**Problem requirements**: Each line below that includes the word "dots" is to be reported.

(Entries provided begins)

lemma obtain_top_degree:
  fixes g :: "'k::field hq"
  assumes "g \<in> Hsp" and "g \<notin> Hle m"
  obtains e where "g e \<noteq> 0" "m < snd e" "\<And>b. g b \<noteq> 0 \<Longrightarrow> snd b \<le> snd e"
proof -
  obtain d where d: "m < snd d" "g d \<noteq> 0" using assms by (auto simp: Hle_def)
  let ?top = "Max (snd ` supp g)"
  have fin: "finite (snd ` supp g)" using assms(1) by (simp add: Hsp_def)
  have "snd d \<in> snd ` supp g" using d(2) by (simp add: supp_def)
  then have "?top \<in> snd ` supp g" and d_top: "snd d \<le> ?top" using fin by (auto intro: Max_in)
  then obtain e where e: "e \<in> supp g" "snd e = ?top" by auto
  show ?thesis
  proof (rule that)
    show "g e \<noteq> 0" using e(1) by (simp add: supp_def)
    show "m < snd e" using d(1) d_top e(2) by linarith
    show "snd b \<le> snd e" if "g b \<noteq> 0" for b using fin that e(2) by (simp add: supp_def)
  qed
qed

lemma Delta_top_coefficient:
  assumes g: "g \<in> Hsp" and e: "snd e = Suc k" and top: "\<And>b. g b \<noteq> 0 \<Longrightarrow> snd b \<le> snd e"
  shows "Delta q g ((fst e, 1), (fst e + 1, k)) = g e * (\<Sum>i<Suc k. q ^ i)"
proof -
  let ?c = "((fst e, 1), (fst e + 1, k))"
  have "Delta q g ?c = (\<Sum>b\<in>supp g. if b = e then g b * Dbas q b ?c else 0)"
    unfolding Delta_def
  proof (rule sum.cong[OF refl])
    fix b assume "b \<in> supp g"
    then have "snd b \<le> snd e" using top by (simp add: supp_def)
    then have "b = e" if "Dbas q b ?c \<noteq> 0"
      using Dbas_nonzero[OF that] e by (auto simp: prod_eq_iff)
    then show "g b * Dbas q b ?c = (if b = e then g b * Dbas q b ?c else 0)" by auto
  qed
  also have "\<dots> = g e * Dbas q e ?c"
    using g by (cases "g e = 0") (simp_all add: Hsp_def supp_def sum.delta')
  also have "Dbas q e ?c = (\<Sum>i<Suc k. q ^ i)"
    using Dbas_q_integer[of q "fst e" k] e by (metis prod.collapse)
  finally show ?thesis .
qed

lemma Autc_grouplike_Hle_0:
  assumes \<phi>: "\<phi> \<in> Autc q"
  shows "\<phi> (bas (n, 0)) \<in> Hle 0"
proof (rule ccontr)
  define g where "g = \<phi> (bas (n, 0))"
  have g: "g \<in> Hsp" unfolding g_def by (rule Autc_Hsp[OF \<phi> bas_Hsp])
  assume "\<phi> (bas (n, 0)) \<notin> Hle 0"
  then obtain e where e: "g e \<noteq> 0" "0 < snd e" and top: "\<And>b. g b \<noteq> 0 \<Longrightarrow> snd b \<le> snd e"
    using obtain_top_degree[OF g] unfolding g_def by blast
  have "Delta q g = tmap \<phi> (tbas (n, 0) (n, 0))"
    unfolding g_def Autc_Delta[OF \<phi> bas_Hsp] Delta_bas Dbas_grouplike ..
  then have "Delta q g (e, e) = g e * g e" by (simp add: tmap_tbas g_def)
  moreover have "Delta q g (e, e) = 0"
    unfolding Delta_def
  proof (intro sum.neutral ballI)
    fix b assume "b \<in> supp g"
    then have "snd b \<le> snd e" using top by (simp add: supp_def)
    then have "Dbas q b (e, e) = 0" using Dbas_nonzero[of q b "(e, e)"] e(2) by auto
    then show "g b * Dbas q b (e, e) = 0" by simp
  qed
  ultimately show False using e(1) by simp
qed
lemma orientation_reversing_book_flip: "orientation_reversing_S3 book_flip"
proof -
  note refl = continuous_map_coord_reflection[of 3]
  have "continuous_map S3 S3 book_flip"
    unfolding book_flip_def by (intro continuous_map_compose[where X'=S3] refl)
  then have "homeomorphic_map S3 S3 book_flip"
    by (rule homeomorphic_map_involution) simp
  moreover have "Brouwer_degree2 3 book_flip
      = Brouwer_degree2 3 (coord_reflection 0) * (Brouwer_degree2 3 (coord_reflection 2) * Brouwer_degree2 3 (coord_reflection 3))"
    unfolding book_flip_def o_assoc[symmetric]
    by (simp add: Brouwer_degree2_compose[OF continuous_map_compose[OF refl refl] refl]
        Brouwer_degree2_compose[OF refl refl])
  ultimately show ?thesis
    unfolding orientation_reversing_S3_def by (simp add: Brouwer_degree2_coord_reflection)
qed

lemma book_flip_book_point: "book_flip (book_point \<phi> \<psi> \<theta>) = book_point (- \<phi>) \<psi> (\<theta> + pi)"
  by (simp add: book_flip_def coord_reflection_def book_point_def fun_eq_iff)

lemma book_flip_book_arc: "book_flip (book_arc h \<theta> \<alpha> \<beta> t) = book_arc h (\<theta> + pi) (- \<beta>) (- \<alpha>) (1 - t)"
  unfolding book_arc_def book_flip_book_point by (simp add: algebra_simps)

lemma achirally_embeddableI:
  assumes "graph_embedding_S3 V E pos c" and "orientation_reversing_S3 h"
    and "\<And>x. h (h x) = x" and "h ` graph_image_S3 V E pos c \<subseteq> graph_image_S3 V E pos c"
  shows "achirally_embeddable V E"
proof -
  have "x \<in> h ` graph_image_S3 V E pos c" if "x \<in> graph_image_S3 V E pos c" for x
  proof
    show "x = h (h x)"
      by (simp add: assms(3))
    show "h x \<in> graph_image_S3 V E pos c"
      using assms(4) that by blast
  qed
  then have "h ` graph_image_S3 V E pos c = graph_image_S3 V E pos c"
    using assms(4) by blast
  then show ?thesis
    unfolding achirally_embeddable_def using assms(1,2) by blast
qed
lemma double_sum_eq:
  fixes q :: complex
  assumes q: "norm q < 1"
  shows "(1 + q) * (\<Sum>n. \<Sum>m. (-1) ^ m * q ^ dexp n m * (1 + q ^ (2 * m + 1)))
    = 2 * (\<Sum>n. q ^ (dexp n 0 + 1)) + 1 + 2 * (\<Sum>m. (-1) ^ m * q ^ (2 * (m + 1) * (m + 1)))"
proof -
  define A where "A n = (\<Sum>m. (-1) ^ m * q ^ dexp n m)" for n
  define B where "B n = (\<Sum>m. (-1) ^ m * q ^ (dexp n m + 2 * m + 1))" for n
  define H where "H = (\<Sum>n. q ^ (dexp n 0 + 1))"
  define T where "T = (\<Sum>m. (-1) ^ m * q ^ (2 * (m + 1) * (m + 1)))"
  have "n + m \<le> dexp n m + 2 * m + 1" for n m
    using dexp_ge[of n m] by simp
  note summable_a = summable_dexp_rows[OF q dexp_ge, folded A_def]
    and summable_b = summable_dexp_rows[OF q, of "\<lambda>n m. dexp n m + 2 * m + 1", OF this, folded B_def]
  have "norm (q ^ (dexp n 0 + 1)) \<le> norm q ^ n" for n
    using dexp_ge[of n 0] by (intro norm_power_le_norm_power[OF q]) simp
  note summable_H = summable_geometric_dominated(2)[OF q this]
  have "q * A n = q ^ (dexp n 0 + 1) - A (n + 2)" for n
    unfolding A_def by (rule dexp_row_recurrences(1)[OF q])
  then have sum_A: "(1 + q) * (\<Sum>n. A n) = A 0 + A 1 + H"
    unfolding H_def by (intro suminf_forward_recurrence summable_a(2) summable_H)
  have "q * B (n + 2) = q ^ (dexp n 0 + 1) - B n" for n
    unfolding B_def by (rule dexp_row_recurrences(2)[OF q])
  then have sum_B: "(1 + q) * (\<Sum>n. B n) = q * B 0 + q * B 1 + H"
    unfolding H_def by (intro suminf_backward_recurrence summable_b(2) summable_H)
  have rows: "(\<Sum>m. (-1) ^ m * q ^ dexp n m * (1 + q ^ (2 * m + 1))) = A n + B n" for n
    unfolding A_def B_def suminf_add[OF summable_a(1) summable_b(1)]
    by (rule suminf_cong) (simp add: algebra_simps power_add)
  have "(1 + q) * (\<Sum>n. \<Sum>m. (-1) ^ m * q ^ dexp n m * (1 + q ^ (2 * m + 1)))
      = (1 + q) * (\<Sum>n. A n) + (1 + q) * (\<Sum>n. B n)"
    unfolding rows suminf_add[OF summable_a(2) summable_b(2), symmetric] by (rule distrib_left)
  moreover have "A 1 = T" "q * B 0 = T"
    unfolding A_def B_def T_def suminf_mult[OF summable_b(1), symmetric]
    by (auto intro!: suminf_cong simp: dexp_def algebra_simps power2_eq_square)
  moreover have "A 0 + q * B 1 = 1"
    unfolding A_def B_def by (rule dexp_boundary_rows[OF q])
  ultimately show ?thesis
    unfolding sum_A sum_B H_def[symmetric] T_def[symmetric] by (simp add: algebra_simps)
qed

lemma sums_qpoch_ratio:
  fixes q Q :: complex
  assumes q: "norm q < 1" and Q: "norm Q < 1"
  shows "(\<lambda>n. Q ^ n * (qpoch q Q n / qpoch (-Q) Q n))
    sums ((2 - qpoch_inf q Q / qpoch_inf (-Q) Q) / (1 + q))"
proof -
  define u where "u n = qpoch q Q n / qpoch (-Q) Q n" for n
  define w where "w n = u n * (1 + Q ^ n)" for n
  have nonzero: "qpoch (-Q) Q n \<noteq> 0" for n
    using Q by (intro qpoch_nonzero) auto
  have "1 + q \<noteq> 0"
    using q by (auto simp: add_eq_0_iff)
  have step: "Q ^ n * u n = (w n - w (Suc n)) / (1 + q)" for n
  proof -
    have "1 + Q * Q ^ n \<noteq> 0"
      using nonzero[of "Suc n"] by (simp add: qpoch_Suc)
    then have "u (Suc n) * (1 + Q * Q ^ n) = u n * (1 - q * Q ^ n)"
      using nonzero[of n] by (simp add: u_def qpoch_Suc)
    then show ?thesis
      using \<open>1 + q \<noteq> 0\<close> by (simp add: w_def field_simps)
  qed
  have "u \<longlonglongrightarrow> qpoch_inf q Q / qpoch_inf (-Q) Q"
    unfolding u_def using q Q by (intro tendsto_divide qpoch_LIMSEQ) (auto simp: qpoch_inf_nonzero)
  then have "w \<longlonglongrightarrow> qpoch_inf q Q / qpoch_inf (-Q) Q * (1 + 0)"
    unfolding w_def by (intro tendsto_mult tendsto_add tendsto_const LIMSEQ_power_zero Q)
  then have "(\<lambda>n. w n - w (Suc n)) sums (w 0 - qpoch_inf q Q / qpoch_inf (-Q) Q)"
    using telescope_sums' by simp
  then show ?thesis
    unfolding u_def[symmetric] step by (intro sums_divide) (simp add: w_def u_def)
qed

lemma F_ed_od_uminus_eq:
  fixes q :: complex
  assumes q: "norm q < 1"
  shows "F_ed_od (-q) = -q * (2 * qpoch_inf (-(q^2)) (q^2) - qpoch_inf q (q^2)) / (1 + q)"
proof -
  define W where "W = qpoch_inf (-(q^2)) (q^2)"
  have Q: "norm (q^2) < 1"
    using q by (rule norm_power2_less_1)
  have "W \<noteq> 0"
    using Q by (simp add: W_def qpoch_inf_nonzero)
  have terms: "(-q) ^ (2 * n + 1) * qpoch (-(-q)) ((-q)^2) n * qpoch_inf (-((-q) ^ (2 * n + 2))) ((-q)^2)
      = -q * W * ((q^2) ^ n * (qpoch q (q^2) n / qpoch (-(q^2)) (q^2) n))" for n
  proof -
    have powers: "(-q) ^ (2 * n + 1) = -q * (q^2) ^ n" "(-q)^2 = q^2"
      "-((-q) ^ (2 * n + 2)) = -(q^2) * (q^2) ^ n"
      by (simp_all add: power_add power_mult power2_eq_square)
    have "qpoch (-(q^2)) (q^2) n \<noteq> 0"
      using Q by (intro qpoch_nonzero) auto
    moreover have "W = qpoch (-(q^2)) (q^2) n * qpoch_inf (-(q^2) * (q^2) ^ n) (q^2)"
      unfolding W_def by (rule qpoch_inf_split[OF Q])
    ultimately show ?thesis
      unfolding powers minus_minus by (simp add: field_simps)
  qed
  have "(\<lambda>n. -q * W * ((q^2) ^ n * (qpoch q (q^2) n / qpoch (-(q^2)) (q^2) n)))
      sums (-q * W * ((2 - qpoch_inf q (q^2) / W) / (1 + q)))"
    unfolding W_def by (rule sums_mult[OF sums_qpoch_ratio[OF q Q]])
  then have "F_ed_od (-q) = -q * W * ((2 - qpoch_inf q (q^2) / W) / (1 + q))"
    unfolding F_ed_od_def terms by (rule sums_unique[symmetric])
  then show ?thesis
    using \<open>W \<noteq> 0\<close> by (simp add: W_def field_simps)
qed

lemma double_sum_product_formula:
  fixes q :: complex
  assumes q: "norm q < 1" "q \<noteq> 0"
  shows "(1 + q) * (\<Sum>n. \<Sum>m. (-1) ^ m * q ^ (n * (n + 3) div 2 + 2 * n * m + 2 * m^2 + 2 * m) * (1 + q ^ (2 * m + 1)))
    = 2 * (qpoch_inf (q^2) (q^2) / qpoch_inf q (q^2)) - qpoch_inf (q^2) (q^2) / qpoch_inf (-(q^2)) (q^2)"
  (is "(1 + q) * ?S = _")
proof -
  define S where "S = ?S"
  define G where "G = (\<Sum>j. q ^ tri (Suc j))"
  define H where "H = (\<Sum>n. q ^ (dexp n 0 + 1))"
  define T where "T = (\<Sum>m. (-1) ^ m * q ^ (2 * (m + 1) * (m + 1)))"
  have "norm (q ^ tri (Suc j)) \<le> norm q ^ j" for j
    using q by (intro norm_power_le_norm_power) simp_all
  note summable = summable_geometric_dominated(2)[OF q(1) this]
  have "tri (Suc 0) = 0"
    by simp
  then have H: "H = G - 1"
    using suminf_split_head[OF summable] unfolding G_def H_def tri_Suc_Suc_eq_dexp by (simp only: power_0)
  have "(1 + q) * S = 2 * H + 1 + 2 * T"
    using double_sum_eq[OF q(1), folded H_def T_def] by (simp only: S_def dexp_def)
  also have "\<dots> = 2 * G - (1 - 2 * T)"
    unfolding H by (simp add: algebra_simps)
  finally show ?thesis
    unfolding S_def[symmetric] G_def T_def triangular_series_eq[OF q] theta_series_eq[OF q] .
qed

lemma double_sum_closed_form:
  fixes q :: complex
  assumes q: "norm q < 1" "q \<noteq> 0"
  shows "q * qpoch_inf q q * qpoch_inf (-(q^2)) (q^2) / (qpoch_inf (q^2) (q^2))^2
      * (\<Sum>n. \<Sum>m. (-1) ^ m * q ^ (n * (n + 3) div 2 + 2 * n * m + 2 * m^2 + 2 * m) * (1 + q ^ (2 * m + 1)))
    = q * (2 * qpoch_inf (-(q^2)) (q^2) - qpoch_inf q (q^2)) / (1 + q)"
  (is "_ * ?S = _")
proof -
  define X where "X = qpoch_inf q (q^2)"
  define Y where "Y = qpoch_inf (q^2) (q^2)"
  define W where "W = qpoch_inf (-(q^2)) (q^2)"
  have "X \<noteq> 0" "Y \<noteq> 0" "W \<noteq> 0"
    using q by (simp_all add: X_def Y_def W_def qpoch_inf_nonzero norm_power2_less_1)
  have "1 + q \<noteq> 0"
    using q by (auto simp: add_eq_0_iff)
  then have "?S = (2 * (Y / X) - Y / W) / (1 + q)"
    using double_sum_product_formula[OF q, folded X_def Y_def W_def] by (simp add: field_simps)
  moreover have "qpoch_inf q q = X * Y"
    using qpoch_inf_even_odd[OF q(1), of q] by (simp add: X_def Y_def power2_eq_square)
  moreover have "X * Y * W / Y^2 * (2 * (Y / X) - Y / W) = 2 * W - X"
    using \<open>X \<noteq> 0\<close> \<open>Y \<noteq> 0\<close> \<open>W \<noteq> 0\<close> by (simp add: field_simps power2_eq_square)
  moreover have "q * (X * Y) * W / Y^2 * ((2 * (Y / X) - Y / W) / (1 + q))
      = q * (X * Y * W / Y^2 * (2 * (Y / X) - Y / W)) / (1 + q)"
    by (simp only: divide_inverse ac_simps)
  ultimately show ?thesis
    unfolding X_def[symmetric] Y_def[symmetric] W_def[symmetric] by simp
qed

theorem mainTheorem5:
  fixes q :: complex
  assumes "norm q < 1"
  shows "F_ed_od (-q) =
    - (q * qpoch_inf q q * qpoch_inf (- (q^2)) (q^2) / (qpoch_inf (q^2) (q^2))^2) *
      (\<Sum>n. \<Sum>m. (-1) ^ m * q ^ (n*(n+3) div 2 + 2*n*m + 2*m^2 + 2*m) * (1 + q ^ (2*m+1)))"
proof (cases "q = 0")
  case True
  then show ?thesis
    by (simp add: F_ed_od_def)
next
  case False
  have "F_ed_od (-q) = - (q * (2 * qpoch_inf (-(q^2)) (q^2) - qpoch_inf q (q^2)) / (1 + q))"
    using F_ed_od_uminus_eq[OF assms] by simp
  then show ?thesis
    unfolding double_sum_closed_form[OF assms False, symmetric] by (simp only: minus_mult_left)
qed

end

(Entries provided ends)

**Result for this task**:
  also have "\<dots> = g e * Dbas q e ?c"
  also have "\<dots> = 2 * G - (1 - 2 * T)"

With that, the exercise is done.